(* Let $n$ be even, let $r\le s\le 2r-1$, and let $m=s-r+1$. Then $$\nu(n,P^{(r)}_s)\ge 2h(n,r,m)+h(n,r-1,m).$$
   Context: $K^{(r)}_n$ denotes the ordered complete $r$-uniform hypergraph on vertex set $[n]=\{1,\dots,n\}$ (natural order), whose edges are all $r$-subsets of $[n]$. A copy of an ordered hypergraph $H$ in $K^{(r)}_n$ is the image of $H$ under an order-preserving injection $V(H)\to[n]$. The natural (tight) path $P^{(r)}_s$ has vertices $v_1<\dots<v_s$ and its edges are all sets of $r$ consecutive vertices $\{v_j,\dots,v_{j+r-1}\}$, $1\le j\le s-r+1$. For an ordered $r$-uniform $H$, $\nu(n,H)$ is the maximum number of copies of $H$ in $K^{(r)}_n$ that are pairwise edge-disjoint. An interval partition $(X,Y,Z)$ of $[n]$ consists of consecutive (possibly empty) intervals $X<Y<Z$ with union $[n]$. A set $S\subseteq[n]$ is $m$-left-biased if there is an interval partition $(X,Y,Z)$ of $[n]$ with $|X|=|Z|$, $|X\cap S|=m$ and $|Z\cap S|=0$. $h(n,t,m)$ denotes the number of $t$-subsets of $[n]$ that are $m$-left-biased. *)

theory Defs
  imports Main
begin

text \<open>An ordered hypergraph H is given by its number of vertices k (vertex set
  {0..<k}, natural order) and its edge set E.  A copy of H in the ordered complete
  r-uniform hypergraph on [n] = {1..n} is the image of H under an order-preserving
  injection {0..<k} \<rightarrow> [n]; we record a copy by its edge set.\<close>

definition copies :: "nat \<Rightarrow> nat \<Rightarrow> nat set set \<Rightarrow> nat set set set" where
  "copies n k E = {(\<lambda>e. f ` e) ` E | f. strict_mono_on {0..<k} f \<and> f ` {0..<k} \<subseteq> {1..n}}"

definition nu :: "nat \<Rightarrow> nat \<Rightarrow> nat set set \<Rightarrow> nat" where
  "nu n k E = Max {card C | C. C \<subseteq> copies n k E \<and> pairwise disjnt C}"

definition path_edges :: "nat \<Rightarrow> nat \<Rightarrow> nat set set" where
  "path_edges r s = {{j..<j + r} | j. j + r \<le> s}"

definition left_biased :: "nat \<Rightarrow> nat \<Rightarrow> nat set \<Rightarrow> bool" where
  "left_biased n m S \<longleftrightarrow> (\<exists>a b. a \<le> b \<and> b \<le> n \<and> card {1..a} = card {b+1..n}
      \<and> card ({1..a} \<inter> S) = m \<and> {b+1..n} \<inter> S = {})"

definition h :: "nat \<Rightarrow> nat \<Rightarrow> nat \<Rightarrow> nat" where
  "h n t m = card {S. S \<subseteq> {1..n} \<and> card S = t \<and> left_biased n m S}"

end

theory Submission
  imports Defs
begin

(*
  Let S = {x_0 < ... < x_(k-1)} be m-left-biased with pivot a = x_(m-1); left-biasedness
  gives a + x_(k-1) <= n.  For k = r, the path on x_0, ..., x_(r-1), x_0 + c, ..., x_(m-2) + c
  with c = n + 1 - a is a copy of P_s, and so is its mirror image under z |-> n + 1 - z; for
  k = r - 1, so is the path on x_0, ..., x_(r-2), x_0 + c', ..., x_(m-1) + c' with
  c' = n + 1 - x_0 - a.  In every edge of these copies the unshifted vertices lie in [1, n - a]
  and the shifted ones in [n + 1 - a, n].  Count the vertices of an edge among the t smallest
  and the t largest points of [n]: the least t for which this count reaches m is exactly a, the
  count at a is m + 1 for the third kind of copy and m otherwise, and a lies in the edge for the
  first kind but not for its mirror image.  Undoing the shift above n - a then returns S.  So
  every edge determines the copy it lies in, and the 2 h(n,r,m) + h(n,r-1,m) copies are
  pairwise edge-disjoint.
*)

definition sorted_enum :: "nat set \<Rightarrow> nat \<Rightarrow> nat" where
  "sorted_enum S q = sorted_list_of_set S ! q"

lemma strict_mono_sorted_enum:
  assumes "finite S"
  shows "strict_mono_on {0..<card S} (sorted_enum S)"
  using assms sorted_wrt_iff_nth_less[of "(<)" "sorted_list_of_set S"]
  by (auto simp: strict_mono_on_def sorted_enum_def)

lemma sorted_enum_image:
  assumes "finite S"
  shows "sorted_enum S ` {0..<card S} = S"
proof -
  have "sorted_enum S ` {0..<card S} = set (sorted_list_of_set S)"
    using assms by (auto simp: sorted_enum_def set_conv_nth)
  then show ?thesis using assms by simp
qed

lemma card_image_strict_mono:
  fixes x :: "nat \<Rightarrow> nat"
  assumes "strict_mono_on {0..<k} x" "B \<subseteq> {0..<k}"
  shows "card (x ` B) = card B"
  using strict_mono_on_imp_inj_on[OF assms(1)] assms(2) by (metis card_image inj_on_subset)

lemma strict_mono_on_shift:
  fixes x :: "nat \<Rightarrow> nat"
  shows "strict_mono_on A x \<Longrightarrow> strict_mono_on A (\<lambda>q. x q + c)"
  by (simp add: strict_mono_on_def)

lemma strict_mono_on_image_filter_le:
  fixes x :: "nat \<Rightarrow> nat"
  assumes "strict_mono_on {0..<k} x" "i < k"
  shows "{z \<in> x ` {j..<k}. z \<le> x i} = x ` {j..i}"
  using assms strict_mono_on_less_eq[OF assms(1)] by fastforce

lemma strict_mono_on_image_filter_less:
  fixes x :: "nat \<Rightarrow> nat"
  assumes "strict_mono_on {0..<k} x" "i < k"
  shows "{z \<in> x ` {j..<k}. z < x i} = x ` {j..<i}"
  using assms strict_mono_on_less[OF assms(1)] by fastforce

section \<open>Copies of the tight path\<close>

definition path_copy :: "nat \<Rightarrow> nat \<Rightarrow> (nat \<Rightarrow> nat) \<Rightarrow> nat set set" where
  "path_copy r s f = (\<lambda>e. f ` e) ` path_edges r s"

lemma path_copy_in_copies:
  assumes "strict_mono_on {0..<s} f" "f ` {0..<s} \<subseteq> {1..n}"
  shows "path_copy r s f \<in> copies n s (path_edges r s)"
  using assms unfolding path_copy_def copies_def by blast

lemma path_copy_iff:
  "e \<in> path_copy r s f \<longleftrightarrow> (\<exists>j. j + r \<le> s \<and> e = f ` {j..<j + r})"
  unfolding path_copy_def path_edges_def by auto

lemma card_le_nu_if_decodable:
  fixes F :: "'i \<Rightarrow> nat set set"
  assumes "finite I" "E \<noteq> {}" and edges: "\<And>e. e \<in> E \<Longrightarrow> e \<subseteq> {0..<k}"
    and copy: "\<And>p. p \<in> I \<Longrightarrow> F p \<in> copies n k E"
    and decode: "\<And>p e. p \<in> I \<Longrightarrow> e \<in> F p \<Longrightarrow> g e = p"
  shows "card I \<le> nu n k E"
proof -
  have "copies n k E \<subseteq> Pow (Pow {1..n})"
  proof
    fix C assume "C \<in> copies n k E"
    then obtain f where "C = (\<lambda>e. f ` e) ` E" "f ` {0..<k} \<subseteq> {1..n}"
      by (auto simp: copies_def)
    then show "C \<in> Pow (Pow {1..n})" using edges by blast
  qed
  then have "finite (copies n k E)" by (rule finite_subset) simp
  moreover have "{card C | C. C \<subseteq> copies n k E \<and> pairwise disjnt C} \<subseteq> card ` Pow (copies n k E)"
    by blast
  ultimately have finite_cards: "finite {card C | C. C \<subseteq> copies n k E \<and> pairwise disjnt C}"
    by (meson finite_Pow_iff finite_imageI finite_subset)
  have nonempty: "F p \<noteq> {}" if "p \<in> I" for p
    using copy[OF that] \<open>E \<noteq> {}\<close> by (auto simp: copies_def)
  have "inj_on F I"
  proof (rule inj_onI)
    fix p q assume "p \<in> I" "q \<in> I" "F p = F q"
    moreover obtain e where "e \<in> F p" using nonempty[OF \<open>p \<in> I\<close>] by blast
    ultimately show "p = q" using decode by metis
  qed
  moreover have "pairwise disjnt (F ` I)"
    by (rule pairwise_imageI) (use decode in \<open>auto simp: disjnt_iff\<close>)
  ultimately have "card I \<in> {card C | C. C \<subseteq> copies n k E \<and> pairwise disjnt C}"
    using copy by (auto simp: card_image intro!: exI[of _ "F ` I"])
  then show ?thesis
    unfolding nu_def using finite_cards by (rule Max_ge[rotated])
qed

definition reflect :: "nat \<Rightarrow> nat \<Rightarrow> nat" where
  "reflect n z = n + 1 - z"

lemma reflect_reflect:
  assumes "z \<le> n + 1"
  shows "reflect n (reflect n z) = z"
  using assms by (simp add: reflect_def)

definition mirror :: "nat \<Rightarrow> nat \<Rightarrow> (nat \<Rightarrow> nat) \<Rightarrow> nat \<Rightarrow> nat" where
  "mirror n s f = reflect n \<circ> f \<circ> (\<lambda>p. s - 1 - p)"

lemma path_edges_reverse:
  "(\<lambda>e. (\<lambda>p. s - 1 - p) ` e) ` path_edges r s = path_edges r s"
proof -
  have rev: "(\<lambda>p. s - 1 - p) ` {j..<j + r} = {s - r - j..<s - r - j + r}" if "j + r \<le> s" for j
  proof
    show "(\<lambda>p. s - 1 - p) ` {j..<j + r} \<subseteq> {s - r - j..<s - r - j + r}"
      using that by auto
    show "{s - r - j..<s - r - j + r} \<subseteq> (\<lambda>p. s - 1 - p) ` {j..<j + r}"
    proof
      fix q assume "q \<in> {s - r - j..<s - r - j + r}"
      then show "q \<in> (\<lambda>p. s - 1 - p) ` {j..<j + r}"
        using that by (intro image_eqI[of _ _ "s - 1 - q"]) auto
    qed
  qed
  show ?thesis
  proof (rule equalityI)
    show "(\<lambda>e. (\<lambda>p. s - 1 - p) ` e) ` path_edges r s \<subseteq> path_edges r s"
      using rev unfolding path_edges_def by fastforce
    show "path_edges r s \<subseteq> (\<lambda>e. (\<lambda>p. s - 1 - p) ` e) ` path_edges r s"
    proof
      fix e assume "e \<in> path_edges r s"
      then obtain j where j: "j + r \<le> s" "e = {j..<j + r}" by (auto simp: path_edges_def)
      then have "e = (\<lambda>p. s - 1 - p) ` {s - r - j..<s - r - j + r}"
        using rev[of "s - r - j"] by (simp add: add.commute)
      moreover have "{s - r - j..<s - r - j + r} \<in> path_edges r s"
        using j unfolding path_edges_def by (intro CollectI exI[of _ "s - r - j"]) auto
      ultimately show "e \<in> (\<lambda>e. (\<lambda>p. s - 1 - p) ` e) ` path_edges r s" by blast
    qed
  qed
qed

lemma path_copy_mirror:
  "path_copy r s (mirror n s f) = (\<lambda>e. reflect n ` e) ` path_copy r s f"
proof -
  have "path_copy r s (mirror n s f)
      = (\<lambda>e. reflect n ` f ` e) ` (\<lambda>e. (\<lambda>p. s - 1 - p) ` e) ` path_edges r s"
    unfolding path_copy_def mirror_def image_image image_comp by simp
  then show ?thesis unfolding path_edges_reverse path_copy_def image_image .
qed

lemma mirror_embedding:
  assumes "strict_mono_on {0..<s} f" "f ` {0..<s} \<subseteq> {1..n}"
  shows "strict_mono_on {0..<s} (mirror n s f)" "mirror n s f ` {0..<s} \<subseteq> {1..n}"
proof -
  have f_le: "f p \<le> n" if "p < s" for p using assms(2) that by fastforce
  show "strict_mono_on {0..<s} (mirror n s f)"
  proof (rule strict_mono_onI)
    fix p q assume "p \<in> {0..<s}" "q \<in> {0..<s}" "p < q"
    then have "f (s - 1 - q) < f (s - 1 - p)" "f (s - 1 - p) \<le> n"
      by (auto intro!: strict_mono_onD[OF assms(1)] f_le)
    then show "mirror n s f p < mirror n s f q" by (simp add: mirror_def reflect_def)
  qed
  show "mirror n s f ` {0..<s} \<subseteq> {1..n}"
  proof (rule image_subsetI)
    fix p assume "p \<in> {0..<s}"
    then have "s - 1 - p \<in> {0..<s}" by auto
    then have "f (s - 1 - p) \<in> {1..n}" using assms(2) by blast
    then show "mirror n s f p \<in> {1..n}" by (auto simp: mirror_def reflect_def)
  qed
qed

definition wrap :: "(nat \<Rightarrow> nat) \<Rightarrow> nat \<Rightarrow> nat \<Rightarrow> nat \<Rightarrow> nat" where
  "wrap x k c p = (if p < k then x p else x (p - k) + c)"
================
→ Exercise prompt
Starting at the line where "(s - 1 - p) \<le>" appears, write out every line exactly as it stands until the listing ends, and add nothing.

→ Exercise response
    then have "f (s - 1 - q) < f (s - 1 - p)" "f (s - 1 - p) \<le> n"
      by (auto intro!: strict_mono_onD[OF assms(1)] f_le)
    then show "mirror n s f p < mirror n s f q" by (simp add: mirror_def reflect_def)
  qed
  show "mirror n s f ` {0..<s} \<subseteq> {1..n}"
  proof (rule image_subsetI)
    fix p assume "p \<in> {0..<s}"
    then have "s - 1 - p \<in> {0..<s}" by auto
    then have "f (s - 1 - p) \<in> {1..n}" using assms(2) by blast
    then show "mirror n s f p \<in> {1..n}" by (auto simp: mirror_def reflect_def)
  qed
qed

definition wrap :: "(nat \<Rightarrow> nat) \<Rightarrow> nat \<Rightarrow> nat \<Rightarrow> nat \<Rightarrow> nat" where
  "wrap x k c p = (if p < k then x p else x (p - k) + c)"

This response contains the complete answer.